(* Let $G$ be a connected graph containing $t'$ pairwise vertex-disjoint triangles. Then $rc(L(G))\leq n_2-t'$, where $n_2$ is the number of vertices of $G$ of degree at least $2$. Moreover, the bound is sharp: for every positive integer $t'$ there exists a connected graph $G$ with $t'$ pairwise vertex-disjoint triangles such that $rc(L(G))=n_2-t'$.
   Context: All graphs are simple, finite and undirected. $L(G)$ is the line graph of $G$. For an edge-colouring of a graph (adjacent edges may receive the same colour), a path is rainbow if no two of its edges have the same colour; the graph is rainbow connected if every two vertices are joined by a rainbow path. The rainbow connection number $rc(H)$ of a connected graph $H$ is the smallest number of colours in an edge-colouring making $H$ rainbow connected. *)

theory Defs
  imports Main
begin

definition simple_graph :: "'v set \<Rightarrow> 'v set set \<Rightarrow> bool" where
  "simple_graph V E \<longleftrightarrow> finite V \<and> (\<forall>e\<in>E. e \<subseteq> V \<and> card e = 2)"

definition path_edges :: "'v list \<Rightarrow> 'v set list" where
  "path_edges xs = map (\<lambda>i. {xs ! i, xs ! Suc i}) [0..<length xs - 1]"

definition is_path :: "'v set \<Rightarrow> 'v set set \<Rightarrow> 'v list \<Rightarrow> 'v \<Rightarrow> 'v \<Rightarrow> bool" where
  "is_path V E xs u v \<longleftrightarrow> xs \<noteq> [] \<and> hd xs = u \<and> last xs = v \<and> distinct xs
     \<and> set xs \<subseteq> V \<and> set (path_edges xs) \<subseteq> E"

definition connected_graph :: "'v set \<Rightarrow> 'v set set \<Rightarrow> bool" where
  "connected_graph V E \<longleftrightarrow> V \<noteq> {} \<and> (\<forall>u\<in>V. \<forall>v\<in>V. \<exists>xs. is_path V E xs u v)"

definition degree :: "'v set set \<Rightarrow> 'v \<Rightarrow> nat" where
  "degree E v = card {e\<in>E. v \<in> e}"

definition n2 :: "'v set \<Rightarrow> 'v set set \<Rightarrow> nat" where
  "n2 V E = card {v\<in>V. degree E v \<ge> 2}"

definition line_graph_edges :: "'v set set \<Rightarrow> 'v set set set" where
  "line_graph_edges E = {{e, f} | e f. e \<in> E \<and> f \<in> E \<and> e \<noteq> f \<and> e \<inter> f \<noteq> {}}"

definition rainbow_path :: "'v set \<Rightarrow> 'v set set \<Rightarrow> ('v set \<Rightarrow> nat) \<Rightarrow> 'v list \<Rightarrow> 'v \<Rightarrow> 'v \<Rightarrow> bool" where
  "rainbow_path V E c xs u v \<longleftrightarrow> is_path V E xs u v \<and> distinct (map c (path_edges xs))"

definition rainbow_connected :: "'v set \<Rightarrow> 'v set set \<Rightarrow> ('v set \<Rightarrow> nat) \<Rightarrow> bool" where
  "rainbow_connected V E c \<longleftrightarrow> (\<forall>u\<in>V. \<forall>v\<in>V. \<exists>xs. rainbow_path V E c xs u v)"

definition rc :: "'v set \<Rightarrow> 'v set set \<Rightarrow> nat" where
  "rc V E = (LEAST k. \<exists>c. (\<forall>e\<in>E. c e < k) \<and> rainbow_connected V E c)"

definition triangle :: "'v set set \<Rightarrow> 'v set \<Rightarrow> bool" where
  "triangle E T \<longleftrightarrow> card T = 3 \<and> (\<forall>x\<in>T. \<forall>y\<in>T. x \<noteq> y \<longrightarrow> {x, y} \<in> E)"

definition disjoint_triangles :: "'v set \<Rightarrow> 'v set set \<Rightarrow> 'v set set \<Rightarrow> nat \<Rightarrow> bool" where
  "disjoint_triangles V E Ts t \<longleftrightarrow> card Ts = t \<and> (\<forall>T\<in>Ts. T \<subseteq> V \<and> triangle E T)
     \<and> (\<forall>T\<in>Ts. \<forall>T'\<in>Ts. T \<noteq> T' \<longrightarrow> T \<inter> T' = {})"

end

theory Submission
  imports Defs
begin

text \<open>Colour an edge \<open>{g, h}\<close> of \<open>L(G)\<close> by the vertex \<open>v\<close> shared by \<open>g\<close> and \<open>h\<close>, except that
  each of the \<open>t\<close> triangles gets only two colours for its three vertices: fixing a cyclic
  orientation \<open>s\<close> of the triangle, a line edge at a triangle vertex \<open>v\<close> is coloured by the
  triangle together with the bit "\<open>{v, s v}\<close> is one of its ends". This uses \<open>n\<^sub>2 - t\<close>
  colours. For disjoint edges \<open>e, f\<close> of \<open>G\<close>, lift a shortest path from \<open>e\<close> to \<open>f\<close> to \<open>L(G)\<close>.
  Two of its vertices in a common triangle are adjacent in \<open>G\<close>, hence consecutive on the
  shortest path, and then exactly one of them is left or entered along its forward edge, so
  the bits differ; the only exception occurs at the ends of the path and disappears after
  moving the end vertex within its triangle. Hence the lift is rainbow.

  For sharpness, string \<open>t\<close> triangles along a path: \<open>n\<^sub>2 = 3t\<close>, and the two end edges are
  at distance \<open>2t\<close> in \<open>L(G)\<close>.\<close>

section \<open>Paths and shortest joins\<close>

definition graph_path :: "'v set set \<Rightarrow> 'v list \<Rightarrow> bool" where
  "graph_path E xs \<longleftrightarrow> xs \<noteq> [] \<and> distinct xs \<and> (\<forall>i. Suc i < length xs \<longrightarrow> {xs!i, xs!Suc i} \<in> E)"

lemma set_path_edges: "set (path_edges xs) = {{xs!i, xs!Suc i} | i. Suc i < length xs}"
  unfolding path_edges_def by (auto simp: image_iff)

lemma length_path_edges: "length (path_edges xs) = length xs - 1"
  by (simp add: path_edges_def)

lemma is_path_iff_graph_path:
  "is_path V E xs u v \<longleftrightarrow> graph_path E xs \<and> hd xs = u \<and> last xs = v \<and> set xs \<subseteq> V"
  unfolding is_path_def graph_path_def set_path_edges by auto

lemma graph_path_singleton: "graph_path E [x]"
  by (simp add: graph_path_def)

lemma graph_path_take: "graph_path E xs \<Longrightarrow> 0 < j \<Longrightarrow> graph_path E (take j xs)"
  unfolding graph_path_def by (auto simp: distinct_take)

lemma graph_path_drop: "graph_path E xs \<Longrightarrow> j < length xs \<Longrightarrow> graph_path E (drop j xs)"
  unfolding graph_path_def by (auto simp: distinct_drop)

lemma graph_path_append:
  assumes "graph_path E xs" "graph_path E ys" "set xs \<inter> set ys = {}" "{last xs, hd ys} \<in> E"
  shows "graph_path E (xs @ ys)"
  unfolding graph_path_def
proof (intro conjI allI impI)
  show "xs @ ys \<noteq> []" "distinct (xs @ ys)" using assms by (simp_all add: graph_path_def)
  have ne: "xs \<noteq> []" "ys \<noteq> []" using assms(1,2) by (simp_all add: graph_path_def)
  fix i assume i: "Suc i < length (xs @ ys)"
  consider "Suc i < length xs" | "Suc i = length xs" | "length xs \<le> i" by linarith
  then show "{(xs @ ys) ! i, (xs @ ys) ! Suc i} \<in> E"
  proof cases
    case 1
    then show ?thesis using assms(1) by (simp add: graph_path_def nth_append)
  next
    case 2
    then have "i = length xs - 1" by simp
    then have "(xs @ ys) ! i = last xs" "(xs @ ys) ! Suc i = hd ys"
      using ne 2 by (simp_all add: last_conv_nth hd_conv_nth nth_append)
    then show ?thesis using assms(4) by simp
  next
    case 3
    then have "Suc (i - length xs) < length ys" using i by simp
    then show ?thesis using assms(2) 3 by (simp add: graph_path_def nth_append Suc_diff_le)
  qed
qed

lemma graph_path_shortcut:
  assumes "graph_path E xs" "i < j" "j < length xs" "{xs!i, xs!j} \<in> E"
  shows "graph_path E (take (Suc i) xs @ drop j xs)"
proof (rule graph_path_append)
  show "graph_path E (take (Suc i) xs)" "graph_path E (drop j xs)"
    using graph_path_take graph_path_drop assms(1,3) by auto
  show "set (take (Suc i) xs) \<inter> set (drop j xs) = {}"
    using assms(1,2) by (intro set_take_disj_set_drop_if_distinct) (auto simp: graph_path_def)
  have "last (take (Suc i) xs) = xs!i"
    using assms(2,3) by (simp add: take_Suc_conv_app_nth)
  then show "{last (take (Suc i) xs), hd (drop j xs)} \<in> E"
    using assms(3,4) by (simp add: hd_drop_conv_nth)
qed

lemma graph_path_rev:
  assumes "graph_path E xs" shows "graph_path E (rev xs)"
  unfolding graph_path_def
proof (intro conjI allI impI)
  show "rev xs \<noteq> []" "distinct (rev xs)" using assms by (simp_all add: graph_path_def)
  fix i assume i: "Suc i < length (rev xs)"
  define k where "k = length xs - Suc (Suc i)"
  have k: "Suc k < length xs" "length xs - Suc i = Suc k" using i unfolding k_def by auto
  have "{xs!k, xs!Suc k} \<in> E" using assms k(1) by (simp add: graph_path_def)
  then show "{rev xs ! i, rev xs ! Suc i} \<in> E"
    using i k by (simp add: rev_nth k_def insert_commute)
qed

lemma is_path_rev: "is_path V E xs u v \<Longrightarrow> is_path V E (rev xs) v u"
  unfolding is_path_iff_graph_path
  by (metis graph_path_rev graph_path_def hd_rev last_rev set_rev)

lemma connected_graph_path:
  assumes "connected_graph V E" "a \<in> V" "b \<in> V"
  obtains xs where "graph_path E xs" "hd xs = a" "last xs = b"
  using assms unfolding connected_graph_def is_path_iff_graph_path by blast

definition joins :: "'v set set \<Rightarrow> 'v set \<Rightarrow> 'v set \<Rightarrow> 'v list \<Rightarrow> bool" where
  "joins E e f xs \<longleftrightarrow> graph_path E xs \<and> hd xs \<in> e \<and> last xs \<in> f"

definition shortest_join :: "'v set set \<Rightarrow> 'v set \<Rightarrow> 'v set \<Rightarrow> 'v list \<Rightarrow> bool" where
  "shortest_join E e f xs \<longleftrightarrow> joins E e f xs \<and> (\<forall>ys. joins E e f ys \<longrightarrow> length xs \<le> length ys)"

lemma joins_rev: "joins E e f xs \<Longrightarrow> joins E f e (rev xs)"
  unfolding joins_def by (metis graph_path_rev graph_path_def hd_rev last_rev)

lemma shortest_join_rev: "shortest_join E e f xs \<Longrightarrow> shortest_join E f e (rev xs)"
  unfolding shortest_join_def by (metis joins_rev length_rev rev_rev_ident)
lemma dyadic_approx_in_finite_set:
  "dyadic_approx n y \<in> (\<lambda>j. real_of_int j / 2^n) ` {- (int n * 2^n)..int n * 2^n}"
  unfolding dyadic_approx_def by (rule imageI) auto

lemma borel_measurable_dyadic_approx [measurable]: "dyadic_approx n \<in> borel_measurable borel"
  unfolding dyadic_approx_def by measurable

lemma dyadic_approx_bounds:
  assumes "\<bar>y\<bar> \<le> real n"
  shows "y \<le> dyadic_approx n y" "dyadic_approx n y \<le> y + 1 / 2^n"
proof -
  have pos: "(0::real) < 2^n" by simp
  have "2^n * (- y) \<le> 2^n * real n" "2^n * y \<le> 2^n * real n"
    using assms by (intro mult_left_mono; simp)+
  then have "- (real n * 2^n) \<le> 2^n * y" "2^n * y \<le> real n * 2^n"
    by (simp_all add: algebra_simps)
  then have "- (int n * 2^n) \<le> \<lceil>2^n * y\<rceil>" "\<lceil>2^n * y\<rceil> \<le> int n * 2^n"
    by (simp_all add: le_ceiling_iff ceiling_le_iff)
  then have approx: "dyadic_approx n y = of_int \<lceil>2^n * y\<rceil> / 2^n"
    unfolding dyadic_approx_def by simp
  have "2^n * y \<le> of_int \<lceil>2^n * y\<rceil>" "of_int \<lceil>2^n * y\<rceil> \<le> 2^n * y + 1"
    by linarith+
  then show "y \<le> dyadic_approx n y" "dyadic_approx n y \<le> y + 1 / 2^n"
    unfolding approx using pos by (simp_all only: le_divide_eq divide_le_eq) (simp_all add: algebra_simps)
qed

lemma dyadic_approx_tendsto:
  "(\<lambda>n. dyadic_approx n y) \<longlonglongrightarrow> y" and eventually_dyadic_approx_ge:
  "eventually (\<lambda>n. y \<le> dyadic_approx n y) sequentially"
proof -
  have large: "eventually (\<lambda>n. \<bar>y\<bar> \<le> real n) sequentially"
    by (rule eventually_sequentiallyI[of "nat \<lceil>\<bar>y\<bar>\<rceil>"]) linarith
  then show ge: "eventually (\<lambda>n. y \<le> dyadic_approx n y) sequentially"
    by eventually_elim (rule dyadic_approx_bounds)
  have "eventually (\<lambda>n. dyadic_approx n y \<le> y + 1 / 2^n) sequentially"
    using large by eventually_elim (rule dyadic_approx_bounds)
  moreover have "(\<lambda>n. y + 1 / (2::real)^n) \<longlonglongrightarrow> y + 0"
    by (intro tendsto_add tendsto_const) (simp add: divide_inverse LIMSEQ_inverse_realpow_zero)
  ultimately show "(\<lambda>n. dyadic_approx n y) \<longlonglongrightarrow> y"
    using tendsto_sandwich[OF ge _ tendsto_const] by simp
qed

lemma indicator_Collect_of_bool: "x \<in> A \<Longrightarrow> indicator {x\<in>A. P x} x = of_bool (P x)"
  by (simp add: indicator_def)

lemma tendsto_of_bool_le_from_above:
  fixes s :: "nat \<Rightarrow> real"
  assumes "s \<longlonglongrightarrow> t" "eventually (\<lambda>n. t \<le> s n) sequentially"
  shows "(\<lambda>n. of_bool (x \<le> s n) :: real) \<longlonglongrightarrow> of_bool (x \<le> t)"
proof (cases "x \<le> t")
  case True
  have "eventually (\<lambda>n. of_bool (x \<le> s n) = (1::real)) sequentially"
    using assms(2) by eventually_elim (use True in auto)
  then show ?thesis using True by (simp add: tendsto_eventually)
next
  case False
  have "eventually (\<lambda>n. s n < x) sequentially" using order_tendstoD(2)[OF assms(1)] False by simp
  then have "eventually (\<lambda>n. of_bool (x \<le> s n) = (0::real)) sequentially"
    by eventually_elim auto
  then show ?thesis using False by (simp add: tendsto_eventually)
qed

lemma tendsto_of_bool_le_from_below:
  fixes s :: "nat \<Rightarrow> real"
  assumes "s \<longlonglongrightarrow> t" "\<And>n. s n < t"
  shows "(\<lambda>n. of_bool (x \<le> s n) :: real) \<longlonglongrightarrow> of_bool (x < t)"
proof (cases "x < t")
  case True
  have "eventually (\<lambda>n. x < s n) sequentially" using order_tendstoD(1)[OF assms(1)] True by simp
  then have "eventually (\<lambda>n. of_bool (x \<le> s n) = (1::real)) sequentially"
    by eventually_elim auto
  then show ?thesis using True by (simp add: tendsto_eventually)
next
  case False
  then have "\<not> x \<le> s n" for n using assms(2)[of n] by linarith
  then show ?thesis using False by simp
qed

### Task details
In the records above, find the line with "y \<in> (\<lambda>j."; write out exactly that line and each one after it, stopping after the line with "using assms by (intro".

### Solution to this task
  "dyadic_approx n y \<in> (\<lambda>j. real_of_int j / 2^n) ` {- (int n * 2^n)..int n * 2^n}"
  unfolding dyadic_approx_def by (rule imageI) auto

lemma borel_measurable_dyadic_approx [measurable]: "dyadic_approx n \<in> borel_measurable borel"
  unfolding dyadic_approx_def by measurable

lemma dyadic_approx_bounds:
  assumes "\<bar>y\<bar> \<le> real n"
  shows "y \<le> dyadic_approx n y" "dyadic_approx n y \<le> y + 1 / 2^n"
proof -
  have pos: "(0::real) < 2^n" by simp
  have "2^n * (- y) \<le> 2^n * real n" "2^n * y \<le> 2^n * real n"
    using assms by (intro mult_left_mono; simp)+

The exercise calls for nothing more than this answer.